Diagnostic Methods for Morquio Syndrome
The diagnostic process typically involves the following steps:
1. Clinical Examination
- Physical Assessment: Doctors will perform a thorough physical exam to look for characteristic signs and symptoms of Morquio syndrome, such as skeletal abnormalities (e.g., short stature, spinal deformities, knock knees), corneal clouding, and joint hypermobility.
2. Laboratory Tests
- Urine Tests: A urine test, specifically a urine keratan sulfate test, can help detect elevated levels of keratan sulfate, a type of glycosaminoglycan (GAG), which is often found in individuals with Morquio A syndrome. However, this test is not always reliable, particularly in young children, and can produce false negatives.
- Enzyme Assay (Blood Test): This blood test measures the activity of the GALNS enzyme (galactosamine-6-sulfatase). Significantly reduced or absent enzyme activity is indicative of Morquio A syndrome.
3. Genetic Testing
- Mutation Analysis: Genetic testing involves analyzing the GALNS gene for mutations. Identifying two disease-causing mutations confirms the diagnosis of Morquio A syndrome. This is considered the most accurate method of diagnosis.

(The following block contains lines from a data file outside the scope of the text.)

(* Consider the stochastic $K$-armed bandit with losses supported in $[0,1]$, and run the Regularized-EXP3 algorithm described in the context with mirror map $\phi_\alpha$, $\alpha\in[0,1]$, and parameters $\eta=1/\sqrt T$, $\varepsilon=\log T/\sqrt T$, $\lambda=\gamma_T/\sqrt{KT}$, where $(\gamma_T)$ is a positive sequence with $\gamma_T\le(\log T)^2$ and $\gamma_T/(\log T)^2\to0$, and, if $\alpha\in[0,\tfrac13)$, additionally $\log T/\gamma_T\to0$. Then the regret $\mathcal R(T)=\mathbb E[\sum_{t=1}^T\ell_t]-T\mu^\star$, with $\mu^\star=\min_j\mu_j$, satisfies $$\mathcal R(T)\le\begin{cases}\left(4\sqrt K\log T+\gamma_T\log T\right)\sqrt{KT}, & \alpha\in[0,\tfrac13),\\[2pt] \left(4\sqrt K\log K+2\sqrt K\log T+\gamma_T\log T\right)\sqrt{KT}, & \alpha\in[\tfrac13,1].\end{cases}$$
   Context: Stochastic $K$-armed bandit (loss formulation): arm $a\in[K]$ has loss distribution $\mathcal P_a$ supported in $[0,1]$ with mean $\mu_a$; $\mu=(\mu_1,\dots,\mu_K)$. At round $t$ the learner chooses $A_t$ and observes $\ell_t\sim\mathcal P_{A_t}$ (independently of the past given $A_t$). $\Delta_\varepsilon=\{x\in\mathbb R^K: x_j\ge\varepsilon\ \forall j,\ \sum_jx_j=1\}$; $R_\varepsilon(x)=-\sum_i\ln x_i+\frac1\varepsilon\sum_ix_i$. Mirror maps on $\mathbb R^K_{>0}$: $\phi_\alpha(x)=-\sum_i\frac{x_i^\alpha-\alpha x_i-(1-\alpha)}{\alpha(1-\alpha)}$ for $0<\alpha<1$, $\phi_0(x)=-\sum_i(\log x_i-x_i+1)$, $\phi_1(x)=\sum_i(x_i\log x_i-x_i+1)$. $D_\phi(x,y)=\phi(x)-\phi(y)-\langle\nabla\phi(y),x-y\rangle$. Regularized-EXP3 (parameters $T,\eta,\lambda,\varepsilon$, mirror map $\phi$): $z_1=(1/K,\dots,1/K)$; for $t=1,\dots,T$: $x_t=\arg\min_{x\in\Delta_\varepsilon}D_\phi(x,z_t)$; draw $A_t$ with $\mathbb P(A_t=j\mid\text{past})=x_{t,j}$, observe $\ell_t$; $\widehat\ell_{t,j}=\mathbb I\{A_t=j\}\ell_t/x_{t,j}$; $\widetilde\ell_t=\widehat\ell_t+\lambda\nabla R_\varepsilon(x_t)$; $z_{t+1}=\arg\min_x\{\eta\langle\widetilde\ell_t,x\rangle+D_\phi(x,x_t)\}$. *)

theory Defs
  imports "HOL-Probability.Probability"
begin
(* Let $G$ be a graph and let $S$ be the set of vertices covered by a maximal (under inclusion) collection of pairwise edge-disjoint induced paws in $G$. Then every vertex $s\in S$ is adjacent to at most one connected component of $G-S$ that is a complete multipartite graph.
   Context: The paw is the graph on four vertices $x_1,x_2,x_3,x_4$ with edges $x_1x_2,x_2x_3,x_1x_3,x_3x_4$. A complete multipartite graph here means one whose vertex set is partitioned into at least three nonempty independent sets (parts) with all edges between different parts present (in particular it contains a triangle). *)

theory Defs
  imports Main
begin

definition simple_graph :: "'a set \<Rightarrow> ('a \<Rightarrow> 'a \<Rightarrow> bool) \<Rightarrow> bool" where
  "simple_graph V E \<longleftrightarrow> finite V \<and> (\<forall>x y. E x y \<longrightarrow> x \<in> V \<and> y \<in> V)
     \<and> (\<forall>x y. E x y \<longrightarrow> E y x) \<and> (\<forall>x. \<not> E x x)"

definition induced_paw :: "'a set \<Rightarrow> ('a \<Rightarrow> 'a \<Rightarrow> bool) \<Rightarrow> 'a set set \<Rightarrow> bool" where
  "induced_paw V E P \<longleftrightarrow> (\<exists>x1 x2 x3 x4. distinct [x1, x2, x3, x4]
     \<and> x1 \<in> V \<and> x2 \<in> V \<and> x3 \<in> V \<and> x4 \<in> V
     \<and> E x1 x2 \<and> E x2 x3 \<and> E x1 x3 \<and> E x3 x4 \<and> \<not> E x1 x4 \<and> \<not> E x2 x4
     \<and> P = {{x1, x2}, {x2, x3}, {x1, x3}, {x3, x4}})"

definition edge_disjoint_paws :: "'a set \<Rightarrow> ('a \<Rightarrow> 'a \<Rightarrow> bool) \<Rightarrow> 'a set set set \<Rightarrow> bool" where
  "edge_disjoint_paws V E C \<longleftrightarrow> (\<forall>P\<in>C. induced_paw V E P)
     \<and> (\<forall>P\<in>C. \<forall>Q\<in>C. P \<noteq> Q \<longrightarrow> P \<inter> Q = {})"

definition maximal_edge_disjoint_paws :: "'a set \<Rightarrow> ('a \<Rightarrow> 'a \<Rightarrow> bool) \<Rightarrow> 'a set set set \<Rightarrow> bool" where
  "maximal_edge_disjoint_paws V E C \<longleftrightarrow> edge_disjoint_paws V E C
     \<and> (\<forall>C'. C \<subseteq> C' \<and> edge_disjoint_paws V E C' \<longrightarrow> C' = C)"

definition covered :: "'a set set set \<Rightarrow> 'a set" where
  "covered C = \<Union>(\<Union>C)"

definition component :: "'a set \<Rightarrow> ('a \<Rightarrow> 'a \<Rightarrow> bool) \<Rightarrow> 'a set \<Rightarrow> bool" where
  "component W E K \<longleftrightarrow> (\<exists>v\<in>W. K = {u. (\<lambda>a b. a \<in> W \<and> b \<in> W \<and> E a b)\<^sup>*\<^sup>* v u})"

definition complete_multipartite :: "'a set \<Rightarrow> ('a \<Rightarrow> 'a \<Rightarrow> bool) \<Rightarrow> bool" where
  "complete_multipartite K E \<longleftrightarrow> (\<exists>Ps. \<Union>Ps = K \<and> (\<forall>X\<in>Ps. X \<noteq> {})
     \<and> (\<forall>X\<in>Ps. \<forall>Y\<in>Ps. X \<noteq> Y \<longrightarrow> X \<inter> Y = {})
     \<and> (\<forall>X\<in>Ps. \<forall>x\<in>X. \<forall>y\<in>X. \<not> E x y)
     \<and> (\<forall>X\<in>Ps. \<forall>Y\<in>Ps. X \<noteq> Y \<longrightarrow> (\<forall>x\<in>X. \<forall>y\<in>Y. E x y))
     \<and> (\<exists>X\<in>Ps. \<exists>Y\<in>Ps. \<exists>Z\<in>Ps. X \<noteq> Y \<and> X \<noteq> Z \<and> Y \<noteq> Z))"

end

theory Submission
  imports Defs
begin

text \<open>Let \<open>u\<^sub>1 \<in> K\<^sub>1\<close> and \<open>u\<^sub>2 \<in> K\<^sub>2\<close> be neighbours of \<open>s\<close>. Having at least three parts, \<open>K\<^sub>1\<close>
  contains a triangle \<open>u\<^sub>1 v w\<close>. If \<open>s\<close> is adjacent to \<open>v\<close>, then the triangle \<open>u\<^sub>1 v s\<close> with
  pendant edge \<open>s u\<^sub>2\<close> is an induced paw, since distinct components are not adjacent; likewise
  for \<open>w\<close>. Otherwise the triangle \<open>u\<^sub>1 v w\<close> with pendant edge \<open>u\<^sub>1 s\<close> is an induced paw. In
  each case every edge of the paw has an endpoint outside \<open>S\<close>, so the paw is edge-disjoint
  from all paws of the collection, contradicting maximality.\<close>

lemma maximal_edge_disjoint_paws_covers_edge:
  assumes max: "maximal_edge_disjoint_paws V E C" and paw: "induced_paw V E P"
  shows "\<exists>e\<in>P. e \<subseteq> covered C"
proof (rule ccontr)
  assume uncovered: "\<not> (\<exists>e\<in>P. e \<subseteq> covered C)"
  have edges_covered: "e \<subseteq> covered C" if "Q \<in> C" "e \<in> Q" for Q e
    using that unfolding covered_def by blast
  have disjoint: "P \<inter> Q = {}" if "Q \<in> C" for Q
    using uncovered edges_covered[OF that] by blast
  have "edge_disjoint_paws V E C"
    using max unfolding maximal_edge_disjoint_paws_def by blast
  then have "edge_disjoint_paws V E (insert P C)"
    using paw disjoint unfolding edge_disjoint_paws_def by (auto simp: inf_commute)
  then have "P \<in> C"
    using max unfolding maximal_edge_disjoint_paws_def by blast
  moreover obtain e where "e \<in> P"
    using paw unfolding induced_paw_def by blast
  ultimately show False
    using uncovered edges_covered by blast
qed

lemma induced_pawI:
  assumes "simple_graph V E"
    and "E x1 x2" "E x2 x3" "E x1 x3" "E x3 x4" "\<not> E x1 x4" "\<not> E x2 x4"
  shows "induced_paw V E {{x1, x2}, {x2, x3}, {x1, x3}, {x3, x4}}"
proof -
  have "x1 \<in> V" "x2 \<in> V" "x3 \<in> V" "x4 \<in> V" "distinct [x1, x2, x3, x4]"
    using assms unfolding simple_graph_def by auto
  then show ?thesis
    using assms unfolding induced_paw_def by blast
qed

lemma no_paw_with_uncovered_edges:
  assumes "simple_graph V E" and "maximal_edge_disjoint_paws V E C"
    and "E x1 x2" "E x2 x3" "E x1 x3" "E x3 x4" "\<not> E x1 x4" "\<not> E x2 x4"
    and "x1 \<notin> covered C" "x2 \<notin> covered C" "x3 \<notin> covered C \<or> x4 \<notin> covered C"
  shows False
  using maximal_edge_disjoint_paws_covers_edge[OF assms(2) induced_pawI[OF assms(1,3-8)]]
    assms(9-11) by auto

lemma component_subset:
  assumes "component W E K"
  shows "K \<subseteq> W"
  using assms unfolding component_def by (auto elim: rtranclp.cases)

lemma component_eq_if_common_vertex:
  assumes "simple_graph V E" and "component W E K" "component W E K'" and "x \<in> K" "x \<in> K'"
  shows "K = K'"
proof -
  define R where "R = (\<lambda>a b. a \<in> W \<and> b \<in> W \<and> E a b)"
  have "symp R\<^sup>*\<^sup>*"
    using assms(1) unfolding R_def simple_graph_def by (intro symp_rtranclp sympI) blast
  then have "R\<^sup>*\<^sup>* a b \<longleftrightarrow> R\<^sup>*\<^sup>* a' b" if "R\<^sup>*\<^sup>* a x" "R\<^sup>*\<^sup>* a' x" for a a' b
    using that by (meson rtranclp_trans sympD)
  then show ?thesis
    using assms(2-5) unfolding component_def R_def[symmetric] by auto
qed

lemma component_eq_if_adjacent:
  assumes "simple_graph V E" and "component W E K" "component W E K'"
    and "x \<in> K" "y \<in> K'" "E x y"
  shows "K = K'"
proof -
  have "x \<in> W" "y \<in> W"
    using component_subset[OF assms(2)] component_subset[OF assms(3)] assms(4,5) by blast+
  obtain a where K: "K = {u. (\<lambda>a b. a \<in> W \<and> b \<in> W \<and> E a b)\<^sup>*\<^sup>* a u}"
    using assms(2) unfolding component_def by blast
  have "y \<in> K"
    using assms(4,6) \<open>x \<in> W\<close> \<open>y \<in> W\<close> unfolding K by (auto intro: rtranclp.rtrancl_into_rtrancl)
  then show ?thesis
    using component_eq_if_common_vertex[OF assms(1-3) _ assms(5)] by blast
qed

lemma complete_multipartite_triangle:
  assumes "complete_multipartite K E" and "u \<in> K"
  obtains v w where "v \<in> K" "w \<in> K" "E u v" "E u w" "E v w"
proof -
  obtain Ps where cover: "\<Union>Ps = K" and nonempty: "\<forall>X\<in>Ps. X \<noteq> {}"
    and complete: "\<forall>X\<in>Ps. \<forall>Y\<in>Ps. X \<noteq> Y \<longrightarrow> (\<forall>x\<in>X. \<forall>y\<in>Y. E x y)"
    and three: "\<exists>X\<in>Ps. \<exists>Y\<in>Ps. \<exists>Z\<in>Ps. X \<noteq> Y \<and> X \<noteq> Z \<and> Y \<noteq> Z"
    using assms(1) unfolding complete_multipartite_def by (elim exE conjE) simp
  obtain X where X: "X \<in> Ps" "u \<in> X"
    using assms(2) cover by blast
  obtain Y Z where YZ: "Y \<in> Ps" "Z \<in> Ps" "Y \<noteq> X" "Z \<noteq> X" "Y \<noteq> Z"
    using three by blast
  obtain v w where "v \<in> Y" "w \<in> Z"
    using nonempty YZ(1,2) by (meson all_not_in_conv)
  then show thesis
    using that X YZ cover complete by blast
qed

theorem lemma4:
  fixes V :: "'a set" and E :: "'a \<Rightarrow> 'a \<Rightarrow> bool" and C :: "'a set set set"
  assumes "simple_graph V E"
    and "maximal_edge_disjoint_paws V E C"
    and "s \<in> covered C"
    and "component (V - covered C) E K1" and "complete_multipartite K1 E" and "\<exists>u\<in>K1. E s u"
    and "component (V - covered C) E K2" and "complete_multipartite K2 E" and "\<exists>u\<in>K2. E s u"
  shows "K1 = K2"
proof (rule ccontr)
  assume "K1 \<noteq> K2"
  note graph = assms(1) and max = assms(2)
  obtain u1 u2 where u1: "u1 \<in> K1" "E s u1" and u2: "u2 \<in> K2" "E s u2"
    using assms(6,9) by blast
  obtain v w where vw: "v \<in> K1" "w \<in> K1" "E u1 v" "E u1 w" "E v w"
    using complete_multipartite_triangle[OF assms(5) u1(1)] .
  have not_adjacent_u2: "\<not> E x u2" if "x \<in> K1" for x
    using component_eq_if_adjacent[OF graph assms(4,7) that u2(1)] \<open>K1 \<noteq> K2\<close> by blast
  have uncovered: "x \<notin> covered C" if "x \<in> K1 \<or> x \<in> K2" for x
    using that component_subset[OF assms(4)] component_subset[OF assms(7)] by blast
  have adjacent_sym: "E a b \<Longrightarrow> E b a" for a b
    using graph unfolding simple_graph_def by blast
  consider "E s v" | "E s w" | "\<not> E s v" "\<not> E s w" by blast
  then show False
  proof cases
    case 1
    then show False
      using no_paw_with_uncovered_edges[OF graph max, of u1 v s u2]
      by (simp add: adjacent_sym vw u1 u2 not_adjacent_u2 uncovered)
  next
    case 2
    then show False
      using no_paw_with_uncovered_edges[OF graph max, of u1 w s u2]
      by (simp add: adjacent_sym vw u1 u2 not_adjacent_u2 uncovered)
  next
    case 3
    then show False
      using no_paw_with_uncovered_edges[OF graph max, of v w u1 s]
      by (metis adjacent_sym vw u1 uncovered)
  qed
qed

end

Summary Table of Diagnostic Methods
| Diagnostic Method | Description |
|---|---|
| Clinical Examination | Physical assessment for characteristic signs and symptoms. |
| Urine Keratan Sulfate | Measures keratan sulfate levels; can be unreliable. |
| Enzyme Assay (Blood) | Measures GALNS enzyme activity; low activity suggests Morquio A syndrome. |
| Genetic Testing | Identifies mutations in the GALNS gene; confirms the diagnosis. |
It's important to note that diagnosing Morquio syndrome requires a comprehensive approach, often involving multiple diagnostic tests and consultation with specialists.